* _WHAT YOU WILL DO_
Lines from the line with "p (g + h) \<le>" to the line with "unfolding proper_length_def" in the entries below, and only those, must be output exactly, with both ends included.

━━━━━━━━━━━━━━━━━━━━━━━━━━━━━━

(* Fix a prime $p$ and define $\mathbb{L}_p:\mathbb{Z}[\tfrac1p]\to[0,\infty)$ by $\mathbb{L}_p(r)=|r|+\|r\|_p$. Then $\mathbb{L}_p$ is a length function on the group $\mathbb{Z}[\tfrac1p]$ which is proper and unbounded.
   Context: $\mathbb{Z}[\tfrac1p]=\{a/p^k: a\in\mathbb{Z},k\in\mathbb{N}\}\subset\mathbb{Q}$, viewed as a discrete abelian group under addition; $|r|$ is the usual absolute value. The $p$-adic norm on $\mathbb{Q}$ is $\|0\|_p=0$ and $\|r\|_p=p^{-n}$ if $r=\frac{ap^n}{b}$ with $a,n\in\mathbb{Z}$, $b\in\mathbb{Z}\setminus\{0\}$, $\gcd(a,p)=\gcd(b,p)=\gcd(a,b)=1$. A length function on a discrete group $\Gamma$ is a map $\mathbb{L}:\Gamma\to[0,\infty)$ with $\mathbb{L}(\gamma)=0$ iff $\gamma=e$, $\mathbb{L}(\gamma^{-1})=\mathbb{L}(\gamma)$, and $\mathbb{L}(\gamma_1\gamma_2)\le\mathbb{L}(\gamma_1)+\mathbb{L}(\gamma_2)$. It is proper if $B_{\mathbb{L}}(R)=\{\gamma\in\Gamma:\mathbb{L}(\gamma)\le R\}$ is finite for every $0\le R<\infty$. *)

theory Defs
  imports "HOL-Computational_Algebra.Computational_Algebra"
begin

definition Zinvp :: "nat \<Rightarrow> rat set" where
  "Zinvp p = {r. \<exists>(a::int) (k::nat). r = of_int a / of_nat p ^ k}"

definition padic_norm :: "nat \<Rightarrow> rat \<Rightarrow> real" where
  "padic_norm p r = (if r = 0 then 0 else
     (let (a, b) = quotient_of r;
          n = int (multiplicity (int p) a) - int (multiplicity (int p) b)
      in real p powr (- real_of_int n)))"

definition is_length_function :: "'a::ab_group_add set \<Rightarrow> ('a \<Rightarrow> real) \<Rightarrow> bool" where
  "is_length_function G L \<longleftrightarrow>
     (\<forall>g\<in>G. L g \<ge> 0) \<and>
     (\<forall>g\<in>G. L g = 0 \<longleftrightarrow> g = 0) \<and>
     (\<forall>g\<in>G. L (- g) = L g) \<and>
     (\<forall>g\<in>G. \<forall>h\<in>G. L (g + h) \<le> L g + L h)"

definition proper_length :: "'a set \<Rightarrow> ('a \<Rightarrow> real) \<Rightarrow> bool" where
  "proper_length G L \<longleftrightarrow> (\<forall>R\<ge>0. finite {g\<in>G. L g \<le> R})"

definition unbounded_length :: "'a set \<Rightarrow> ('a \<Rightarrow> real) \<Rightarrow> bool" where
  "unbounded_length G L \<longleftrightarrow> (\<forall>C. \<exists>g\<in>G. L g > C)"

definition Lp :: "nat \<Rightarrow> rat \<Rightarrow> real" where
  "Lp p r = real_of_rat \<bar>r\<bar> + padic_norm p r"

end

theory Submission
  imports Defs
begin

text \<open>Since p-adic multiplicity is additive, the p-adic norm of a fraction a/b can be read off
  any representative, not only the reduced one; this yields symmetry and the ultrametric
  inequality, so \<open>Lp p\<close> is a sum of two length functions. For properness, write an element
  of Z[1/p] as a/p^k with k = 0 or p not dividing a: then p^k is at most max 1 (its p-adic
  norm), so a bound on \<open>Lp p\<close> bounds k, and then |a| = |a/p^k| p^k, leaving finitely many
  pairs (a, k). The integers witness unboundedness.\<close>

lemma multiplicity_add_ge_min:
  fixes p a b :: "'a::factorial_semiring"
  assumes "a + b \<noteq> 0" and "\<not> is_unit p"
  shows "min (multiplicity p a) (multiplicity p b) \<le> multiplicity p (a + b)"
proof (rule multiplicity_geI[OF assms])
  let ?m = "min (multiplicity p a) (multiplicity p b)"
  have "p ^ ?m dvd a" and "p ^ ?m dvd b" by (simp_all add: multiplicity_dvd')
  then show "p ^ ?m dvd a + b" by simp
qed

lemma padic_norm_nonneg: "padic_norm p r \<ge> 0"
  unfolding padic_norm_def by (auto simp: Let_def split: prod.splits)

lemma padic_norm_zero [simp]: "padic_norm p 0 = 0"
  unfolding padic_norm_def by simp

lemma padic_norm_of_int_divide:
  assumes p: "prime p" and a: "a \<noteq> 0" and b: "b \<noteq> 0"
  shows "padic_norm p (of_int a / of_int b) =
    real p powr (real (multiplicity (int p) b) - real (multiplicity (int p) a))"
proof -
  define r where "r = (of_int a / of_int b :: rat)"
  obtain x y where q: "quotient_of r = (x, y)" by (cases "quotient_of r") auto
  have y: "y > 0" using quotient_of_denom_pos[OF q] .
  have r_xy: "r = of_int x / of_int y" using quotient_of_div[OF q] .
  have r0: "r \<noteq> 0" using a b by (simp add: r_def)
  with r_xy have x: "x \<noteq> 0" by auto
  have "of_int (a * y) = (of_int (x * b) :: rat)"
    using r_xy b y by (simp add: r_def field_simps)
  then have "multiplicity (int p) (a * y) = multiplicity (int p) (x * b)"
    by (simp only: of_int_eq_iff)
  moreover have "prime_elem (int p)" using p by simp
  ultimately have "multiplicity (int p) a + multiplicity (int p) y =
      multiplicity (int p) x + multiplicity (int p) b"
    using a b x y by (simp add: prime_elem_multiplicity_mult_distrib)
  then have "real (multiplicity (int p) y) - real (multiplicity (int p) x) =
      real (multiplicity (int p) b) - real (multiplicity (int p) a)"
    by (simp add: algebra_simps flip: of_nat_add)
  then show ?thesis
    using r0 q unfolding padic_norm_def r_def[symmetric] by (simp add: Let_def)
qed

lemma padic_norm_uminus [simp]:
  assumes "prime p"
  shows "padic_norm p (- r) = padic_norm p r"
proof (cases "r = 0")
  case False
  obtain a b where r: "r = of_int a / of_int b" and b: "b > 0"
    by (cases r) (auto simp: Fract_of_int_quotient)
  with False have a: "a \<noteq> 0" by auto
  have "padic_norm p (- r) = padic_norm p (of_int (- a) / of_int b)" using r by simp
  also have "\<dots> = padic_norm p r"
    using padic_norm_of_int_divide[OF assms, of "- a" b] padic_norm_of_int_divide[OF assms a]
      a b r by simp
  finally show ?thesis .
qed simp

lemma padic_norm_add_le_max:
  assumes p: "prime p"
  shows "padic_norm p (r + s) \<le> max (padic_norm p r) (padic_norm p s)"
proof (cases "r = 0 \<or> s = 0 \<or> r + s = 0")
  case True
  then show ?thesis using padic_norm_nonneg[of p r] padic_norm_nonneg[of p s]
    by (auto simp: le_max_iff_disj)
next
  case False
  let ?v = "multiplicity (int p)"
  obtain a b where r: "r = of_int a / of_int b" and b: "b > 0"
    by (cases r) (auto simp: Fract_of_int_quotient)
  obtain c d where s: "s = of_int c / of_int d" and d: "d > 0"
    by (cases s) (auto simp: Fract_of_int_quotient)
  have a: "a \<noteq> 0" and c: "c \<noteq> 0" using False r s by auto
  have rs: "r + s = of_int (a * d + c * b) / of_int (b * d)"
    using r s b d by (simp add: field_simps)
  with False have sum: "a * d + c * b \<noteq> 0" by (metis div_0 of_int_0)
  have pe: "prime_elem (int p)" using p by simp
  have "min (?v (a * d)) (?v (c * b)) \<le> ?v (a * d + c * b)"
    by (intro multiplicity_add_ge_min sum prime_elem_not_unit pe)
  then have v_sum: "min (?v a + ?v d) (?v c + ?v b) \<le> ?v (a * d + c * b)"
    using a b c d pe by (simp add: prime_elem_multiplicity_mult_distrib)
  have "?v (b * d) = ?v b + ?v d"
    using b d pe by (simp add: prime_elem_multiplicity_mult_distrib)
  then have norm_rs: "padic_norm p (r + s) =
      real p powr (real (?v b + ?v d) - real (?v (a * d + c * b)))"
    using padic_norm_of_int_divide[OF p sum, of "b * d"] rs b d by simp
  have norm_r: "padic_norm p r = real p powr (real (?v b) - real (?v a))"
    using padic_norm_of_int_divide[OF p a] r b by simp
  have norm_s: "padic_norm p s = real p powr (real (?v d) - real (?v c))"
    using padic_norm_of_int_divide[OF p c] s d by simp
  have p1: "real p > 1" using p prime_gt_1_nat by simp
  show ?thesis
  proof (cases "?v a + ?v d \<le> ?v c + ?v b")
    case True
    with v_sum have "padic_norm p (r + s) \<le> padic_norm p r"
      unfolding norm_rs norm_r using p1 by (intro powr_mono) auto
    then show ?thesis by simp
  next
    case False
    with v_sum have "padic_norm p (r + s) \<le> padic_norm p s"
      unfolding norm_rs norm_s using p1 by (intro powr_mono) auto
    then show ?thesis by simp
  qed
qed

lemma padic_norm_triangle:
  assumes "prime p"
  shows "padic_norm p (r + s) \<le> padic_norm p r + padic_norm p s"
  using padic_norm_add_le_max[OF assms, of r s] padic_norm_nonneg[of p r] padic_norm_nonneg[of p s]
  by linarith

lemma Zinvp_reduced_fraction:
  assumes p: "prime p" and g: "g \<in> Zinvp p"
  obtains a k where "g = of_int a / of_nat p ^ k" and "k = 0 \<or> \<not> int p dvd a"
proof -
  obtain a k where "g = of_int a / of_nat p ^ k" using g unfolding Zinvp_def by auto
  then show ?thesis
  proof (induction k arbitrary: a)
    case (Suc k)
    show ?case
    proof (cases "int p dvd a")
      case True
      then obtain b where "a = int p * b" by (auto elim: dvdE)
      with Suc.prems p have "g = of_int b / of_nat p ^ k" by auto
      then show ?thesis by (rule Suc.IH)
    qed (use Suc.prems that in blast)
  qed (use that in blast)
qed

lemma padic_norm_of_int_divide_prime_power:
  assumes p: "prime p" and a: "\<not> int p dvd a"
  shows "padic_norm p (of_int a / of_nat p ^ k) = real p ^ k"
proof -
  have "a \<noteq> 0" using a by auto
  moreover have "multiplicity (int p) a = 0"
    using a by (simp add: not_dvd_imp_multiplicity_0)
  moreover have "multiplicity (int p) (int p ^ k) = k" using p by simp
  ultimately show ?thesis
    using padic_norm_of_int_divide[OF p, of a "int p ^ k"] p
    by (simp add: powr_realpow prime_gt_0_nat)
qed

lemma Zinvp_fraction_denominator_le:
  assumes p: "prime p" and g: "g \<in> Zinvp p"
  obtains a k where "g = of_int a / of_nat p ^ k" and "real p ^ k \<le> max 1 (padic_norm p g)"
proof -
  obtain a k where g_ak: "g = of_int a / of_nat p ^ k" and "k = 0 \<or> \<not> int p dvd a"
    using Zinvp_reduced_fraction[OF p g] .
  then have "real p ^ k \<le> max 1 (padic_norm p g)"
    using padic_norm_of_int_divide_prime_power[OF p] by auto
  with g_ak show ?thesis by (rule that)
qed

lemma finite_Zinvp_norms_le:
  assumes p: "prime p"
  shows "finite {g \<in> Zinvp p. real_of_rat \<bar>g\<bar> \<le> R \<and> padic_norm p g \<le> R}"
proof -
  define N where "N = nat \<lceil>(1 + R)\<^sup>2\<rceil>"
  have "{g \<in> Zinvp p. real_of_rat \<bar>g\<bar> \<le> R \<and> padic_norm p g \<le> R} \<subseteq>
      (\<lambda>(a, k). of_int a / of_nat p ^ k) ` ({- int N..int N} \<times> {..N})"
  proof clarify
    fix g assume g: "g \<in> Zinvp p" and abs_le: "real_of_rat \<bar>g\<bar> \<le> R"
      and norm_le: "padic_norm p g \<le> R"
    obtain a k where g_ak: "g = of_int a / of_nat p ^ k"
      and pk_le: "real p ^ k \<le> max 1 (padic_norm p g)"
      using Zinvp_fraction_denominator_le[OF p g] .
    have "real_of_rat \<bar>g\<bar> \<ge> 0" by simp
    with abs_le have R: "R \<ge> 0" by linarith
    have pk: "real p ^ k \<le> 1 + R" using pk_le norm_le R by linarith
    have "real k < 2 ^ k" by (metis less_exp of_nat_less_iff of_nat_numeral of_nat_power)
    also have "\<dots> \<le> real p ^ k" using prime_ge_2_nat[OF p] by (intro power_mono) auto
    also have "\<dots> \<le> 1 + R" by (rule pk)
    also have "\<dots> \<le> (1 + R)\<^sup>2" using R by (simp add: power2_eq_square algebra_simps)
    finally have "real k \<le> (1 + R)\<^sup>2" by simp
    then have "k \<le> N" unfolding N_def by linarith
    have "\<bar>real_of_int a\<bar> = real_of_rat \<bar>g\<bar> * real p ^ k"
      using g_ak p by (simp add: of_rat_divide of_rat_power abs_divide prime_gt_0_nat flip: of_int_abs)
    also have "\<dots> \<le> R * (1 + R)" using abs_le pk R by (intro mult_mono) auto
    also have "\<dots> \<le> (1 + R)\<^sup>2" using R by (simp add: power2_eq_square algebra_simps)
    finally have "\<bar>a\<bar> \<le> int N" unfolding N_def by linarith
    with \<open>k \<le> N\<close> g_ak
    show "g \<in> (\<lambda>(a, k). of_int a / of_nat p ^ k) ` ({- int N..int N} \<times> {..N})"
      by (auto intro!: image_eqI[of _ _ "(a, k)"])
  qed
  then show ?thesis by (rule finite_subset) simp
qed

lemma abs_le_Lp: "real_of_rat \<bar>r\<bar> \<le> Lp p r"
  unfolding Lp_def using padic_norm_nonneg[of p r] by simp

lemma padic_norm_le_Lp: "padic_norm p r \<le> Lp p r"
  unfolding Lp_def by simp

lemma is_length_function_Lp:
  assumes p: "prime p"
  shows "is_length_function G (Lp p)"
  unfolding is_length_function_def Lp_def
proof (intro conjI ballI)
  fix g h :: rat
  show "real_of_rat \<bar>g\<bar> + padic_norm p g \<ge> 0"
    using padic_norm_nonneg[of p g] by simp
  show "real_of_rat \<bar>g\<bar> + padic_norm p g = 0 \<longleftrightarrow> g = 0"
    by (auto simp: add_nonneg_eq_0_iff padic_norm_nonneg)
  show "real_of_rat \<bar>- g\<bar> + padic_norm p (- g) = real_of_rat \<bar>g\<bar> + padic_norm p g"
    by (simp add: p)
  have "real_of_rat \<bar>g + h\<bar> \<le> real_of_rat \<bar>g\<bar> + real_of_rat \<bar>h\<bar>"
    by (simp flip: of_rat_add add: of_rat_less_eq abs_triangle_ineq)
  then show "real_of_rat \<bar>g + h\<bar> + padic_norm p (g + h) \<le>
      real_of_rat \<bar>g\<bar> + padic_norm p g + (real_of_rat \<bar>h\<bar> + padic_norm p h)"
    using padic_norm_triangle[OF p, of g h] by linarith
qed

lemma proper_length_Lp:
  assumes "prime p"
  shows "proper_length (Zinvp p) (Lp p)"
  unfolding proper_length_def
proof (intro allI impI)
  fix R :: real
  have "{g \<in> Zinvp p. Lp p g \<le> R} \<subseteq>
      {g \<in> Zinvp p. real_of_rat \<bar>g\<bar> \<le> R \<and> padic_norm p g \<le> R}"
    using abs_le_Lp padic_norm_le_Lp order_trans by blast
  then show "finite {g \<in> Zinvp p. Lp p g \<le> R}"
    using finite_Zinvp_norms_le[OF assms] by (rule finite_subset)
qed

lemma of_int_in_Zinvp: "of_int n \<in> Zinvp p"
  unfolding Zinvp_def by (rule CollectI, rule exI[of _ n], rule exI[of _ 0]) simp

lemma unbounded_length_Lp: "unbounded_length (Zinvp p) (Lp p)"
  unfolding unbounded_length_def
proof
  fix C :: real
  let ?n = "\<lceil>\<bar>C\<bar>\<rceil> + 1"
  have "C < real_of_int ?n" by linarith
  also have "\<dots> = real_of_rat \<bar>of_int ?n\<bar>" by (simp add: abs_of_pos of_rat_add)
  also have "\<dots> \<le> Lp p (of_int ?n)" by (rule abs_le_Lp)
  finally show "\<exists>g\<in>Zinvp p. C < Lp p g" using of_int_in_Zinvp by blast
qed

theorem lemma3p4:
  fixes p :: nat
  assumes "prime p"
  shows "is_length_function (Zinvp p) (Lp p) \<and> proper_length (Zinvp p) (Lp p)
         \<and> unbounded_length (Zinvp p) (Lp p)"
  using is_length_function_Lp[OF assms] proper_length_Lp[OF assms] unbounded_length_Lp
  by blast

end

━━━━━━━━━━━━━━━━━━━━━━━━━━━━━━

* _WRITTEN SOLUTION_
  then show "real_of_rat \<bar>g + h\<bar> + padic_norm p (g + h) \<le>
      real_of_rat \<bar>g\<bar> + padic_norm p g + (real_of_rat \<bar>h\<bar> + padic_norm p h)"
    using padic_norm_triangle[OF p, of g h] by linarith
qed

lemma proper_length_Lp:
  assumes "prime p"
  shows "proper_length (Zinvp p) (Lp p)"
  unfolding proper_length_def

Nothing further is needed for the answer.